PROBLEM TO SOLVE: Begin with the first line of the entries below. Copy each line exactly, stopping after the one that contains "set \<Rightarrow> (nat \<Rightarrow> 'a::zero)".

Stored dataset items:
⁂
(* Let $n\ge1$, $q$ a prime power, and let $\mathcal{F}$ be a covering of $[n]$ with no redundant basic set. The $\mathcal{F}$-combinatorial metric $d_{\mathcal{F}}$ on $\mathbb{F}_q^n$ admits a MacWilliams-type identity if and only if $\mathcal{F}$ is a $k$-partition of $[n]$ for some $k$.
   Context: For a covering $\mathcal{F}$ of $[n]$ (a family of subsets, called basic sets, whose union is $[n]$) and $x\in\mathbb{F}_q^n$ with $\mathrm{supp}(x)=\{i:x_i\neq0\}$, $\mathrm{wt}_{\mathcal{F}}(x)=\min\{|\mathcal{A}|:\mathcal{A}\subset\mathcal{F},\ \mathrm{supp}(x)\subset\bigcup_{A\in\mathcal{A}}A\}$ and $d_{\mathcal{F}}(x,y)=\mathrm{wt}_{\mathcal{F}}(x-y)$. A basic set $A$ is redundant if $A\subsetneq B$ for some $B\in\mathcal{F}$. $\mathcal{F}$ is a $k$-partition if it is a partition of $[n]$ all of whose blocks have cardinality $k$. For a linear code $\mathcal{C}\subset\mathbb{F}_q^n$, $\mathcal{C}^\perp=\{u: \sum_i u_ic_i=0\ \forall c\in\mathcal{C}\}$ and $W_{\mathcal{C}}(x,y)=\sum_{c\in\mathcal{C}}x^{D-\mathrm{wt}_{\mathcal{F}}(c)}y^{\mathrm{wt}_{\mathcal{F}}(c)}$ with $D=\max_{c\in\mathcal{C}}\mathrm{wt}_{\mathcal{F}}(c)$. The metric $d_{\mathcal{F}}$ admits a MacWilliams-type identity if for all linear codes $\mathcal{C}_1,\mathcal{C}_2\subset\mathbb{F}_q^n$, $W_{\mathcal{C}_1}=W_{\mathcal{C}_2}$ implies $W_{\mathcal{C}_1^\perp}=W_{\mathcal{C}_2^\perp}$. *)

theory Defs
  imports Main "HOL-Library.Disjoint_Sets"
begin

text \<open>Vectors of F_q^n are modelled as functions nat => 'a vanishing outside [n] = {0..<n}.\<close>

definition vecs :: "nat \<Rightarrow> (nat \<Rightarrow> 'a::zero) set" where
  "vecs n = {x. \<forall>i\<ge>n. x i = 0}"

definition supp :: "(nat \<Rightarrow> 'a::zero) \<Rightarrow> nat set" where
  "supp x = {i. x i \<noteq> 0}"

definition is_covering :: "nat \<Rightarrow> nat set set \<Rightarrow> bool" where
  "is_covering n F \<longleftrightarrow> (\<forall>A\<in>F. A \<subseteq> {..<n}) \<and> \<Union>F = {..<n}"

definition redundant :: "nat set set \<Rightarrow> nat set \<Rightarrow> bool" where
  "redundant F A \<longleftrightarrow> (\<exists>B\<in>F. A \<subset> B)"

definition wtF :: "nat set set \<Rightarrow> (nat \<Rightarrow> 'a::zero) \<Rightarrow> nat" where
  "wtF F x = Min {card \<A> | \<A>. \<A> \<subseteq> F \<and> supp x \<subseteq> \<Union>\<A>}"

definition dF :: "nat set set \<Rightarrow> (nat \<Rightarrow> 'a::ab_group_add) \<Rightarrow> (nat \<Rightarrow> 'a) \<Rightarrow> nat" where
  "dF F x y = wtF F (\<lambda>i. x i - y i)"
(* Let $R=DV$ be any decomposition of the boundary matrix of the cone filtration, and let $\sigma\in K$ and $\omega*\tau$ ($\tau\in K$) form a persistence pair, $\operatorname{low}R[\omega*\tau]=\sigma$, with $d=\min\sigma>b=\max\tau$. Let $c=V[\omega*\tau]\cap(\omega*K\setminus K)+V[\omega*\tau]\cap K_{\ge b}$ (the part of $V[\omega*\tau]$ on cone simplices and $\omega$, plus the part on base simplices in $K_{\ge b}$), and let $z=\partial c$. Then $z$ is a cycle supported in $K[b,d]=K_{\ge b}\cap K_{\le d}$ (so $[z]\in H(K[b,d])$), and $\sigma\in z$ and $\tau\in z$.
   Context: Coefficients are in a field $\mathbb F$. Let $K$ be a finite $\Delta$-complex in which every simplex $\sigma$ carries an integer interval $T(\sigma)=[\min\sigma,\max\sigma]$ with $\min\sigma<\max\sigma$, such that whenever $\sigma$ is a proper face of $\tau$, $\min\sigma<\min\tau<\max\tau<\max\sigma$; assume the values $\min\sigma$ ($\sigma\in K$) are pairwise distinct and the values $\max\sigma$ are pairwise distinct. Write $K_{\le i}=\{\sigma:\min\sigma\le i\}$, $K_{\ge j}=\{\sigma:\max\sigma\ge j\}$ (subcomplexes), and $K[b,d]=K_{\ge b}\cap K_{\le d}$. The cone $\omega*K$ consists of the simplices of $K$ ("base simplices"), a new vertex $\omega$, and simplices $\omega*\sigma$ for $\sigma\in K$ ("cone simplices"), with $\partial(\omega*\sigma)=\sigma-\omega*\partial\sigma$ (for a vertex $v$, $\partial(\omega*v)=v-\omega$). The cone filtration orders base simplices by increasing $\min$, then $\omega$, then the simplices $\omega*\sigma$ by decreasing $\max\sigma$. $D$ is the boundary matrix of $\omega*K$ with rows and columns in this order; $R=DV$ denotes a decomposition with $V$ invertible upper-triangular and $R$ reduced (pivots $\operatorname{low}$ — lowest nonzero entries — of nonzero columns in distinct rows). "$\sigma\in c$" means the coefficient of $\sigma$ in chain $c$ is nonzero; $c\cap L$ is the restriction of chain $c$ to simplices in $L$; a chain is supported in $L$ if all its nonzero coefficients are on simplices of $L$. *)

theory Defs
  imports Main "HOL-Library.Product_Lexorder"
begin

definition delta_complex :: "'a set \<Rightarrow> ('a \<Rightarrow> nat) \<Rightarrow> ('a \<Rightarrow> nat \<Rightarrow> 'a) \<Rightarrow> bool" where
  "delta_complex K dim face \<longleftrightarrow> finite K \<and>
     (\<forall>s\<in>K. 0 < dim s \<longrightarrow> (\<forall>i\<le>dim s. face s i \<in> K \<and> dim (face s i) = dim s - 1)) \<and>
     (\<forall>s\<in>K. 2 \<le> dim s \<longrightarrow> (\<forall>i j. i < j \<and> j \<le> dim s \<longrightarrow>
         face (face s j) i = face (face s i) (j - 1)))"

definition face_rel :: "'a set \<Rightarrow> ('a \<Rightarrow> nat) \<Rightarrow> ('a \<Rightarrow> nat \<Rightarrow> 'a) \<Rightarrow> ('a \<times> 'a) set" where
  "face_rel K dim face = {(face t i, t) | t i. t \<in> K \<and> 0 < dim t \<and> i \<le> dim t}"

definition proper_face :: "'a set \<Rightarrow> ('a \<Rightarrow> nat) \<Rightarrow> ('a \<Rightarrow> nat \<Rightarrow> 'a) \<Rightarrow> 'a \<Rightarrow> 'a \<Rightarrow> bool" where
  "proper_face K dim face s t \<longleftrightarrow> (s, t) \<in> (face_rel K dim face)\<^sup>+"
⁂
ANSWER FOR THIS EXERCISE:
(* Let $n\ge1$, $q$ a prime power, and let $\mathcal{F}$ be a covering of $[n]$ with no redundant basic set. The $\mathcal{F}$-combinatorial metric $d_{\mathcal{F}}$ on $\mathbb{F}_q^n$ admits a MacWilliams-type identity if and only if $\mathcal{F}$ is a $k$-partition of $[n]$ for some $k$.
   Context: For a covering $\mathcal{F}$ of $[n]$ (a family of subsets, called basic sets, whose union is $[n]$) and $x\in\mathbb{F}_q^n$ with $\mathrm{supp}(x)=\{i:x_i\neq0\}$, $\mathrm{wt}_{\mathcal{F}}(x)=\min\{|\mathcal{A}|:\mathcal{A}\subset\mathcal{F},\ \mathrm{supp}(x)\subset\bigcup_{A\in\mathcal{A}}A\}$ and $d_{\mathcal{F}}(x,y)=\mathrm{wt}_{\mathcal{F}}(x-y)$. A basic set $A$ is redundant if $A\subsetneq B$ for some $B\in\mathcal{F}$. $\mathcal{F}$ is a $k$-partition if it is a partition of $[n]$ all of whose blocks have cardinality $k$. For a linear code $\mathcal{C}\subset\mathbb{F}_q^n$, $\mathcal{C}^\perp=\{u: \sum_i u_ic_i=0\ \forall c\in\mathcal{C}\}$ and $W_{\mathcal{C}}(x,y)=\sum_{c\in\mathcal{C}}x^{D-\mathrm{wt}_{\mathcal{F}}(c)}y^{\mathrm{wt}_{\mathcal{F}}(c)}$ with $D=\max_{c\in\mathcal{C}}\mathrm{wt}_{\mathcal{F}}(c)$. The metric $d_{\mathcal{F}}$ admits a MacWilliams-type identity if for all linear codes $\mathcal{C}_1,\mathcal{C}_2\subset\mathbb{F}_q^n$, $W_{\mathcal{C}_1}=W_{\mathcal{C}_2}$ implies $W_{\mathcal{C}_1^\perp}=W_{\mathcal{C}_2^\perp}$. *)

theory Defs
  imports Main "HOL-Library.Disjoint_Sets"
begin

text \<open>Vectors of F_q^n are modelled as functions nat => 'a vanishing outside [n] = {0..<n}.\<close>

definition vecs :: "nat \<Rightarrow> (nat \<Rightarrow> 'a::zero) set" where
  "vecs n = {x. \<forall>i\<ge>n. x i = 0}"

definition supp :: "(nat \<Rightarrow> 'a::zero) \<Rightarrow> nat set" where
  "supp x = {i. x i \<noteq> 0}"

definition is_covering :: "nat \<Rightarrow> nat set set \<Rightarrow> bool" where
  "is_covering n F \<longleftrightarrow> (\<forall>A\<in>F. A \<subseteq> {..<n}) \<and> \<Union>F = {..<n}"

definition redundant :: "nat set set \<Rightarrow> nat set \<Rightarrow> bool" where
  "redundant F A \<longleftrightarrow> (\<exists>B\<in>F. A \<subset> B)"

definition wtF :: "nat set set \<Rightarrow> (nat \<Rightarrow> 'a::zero) \<Rightarrow> nat" where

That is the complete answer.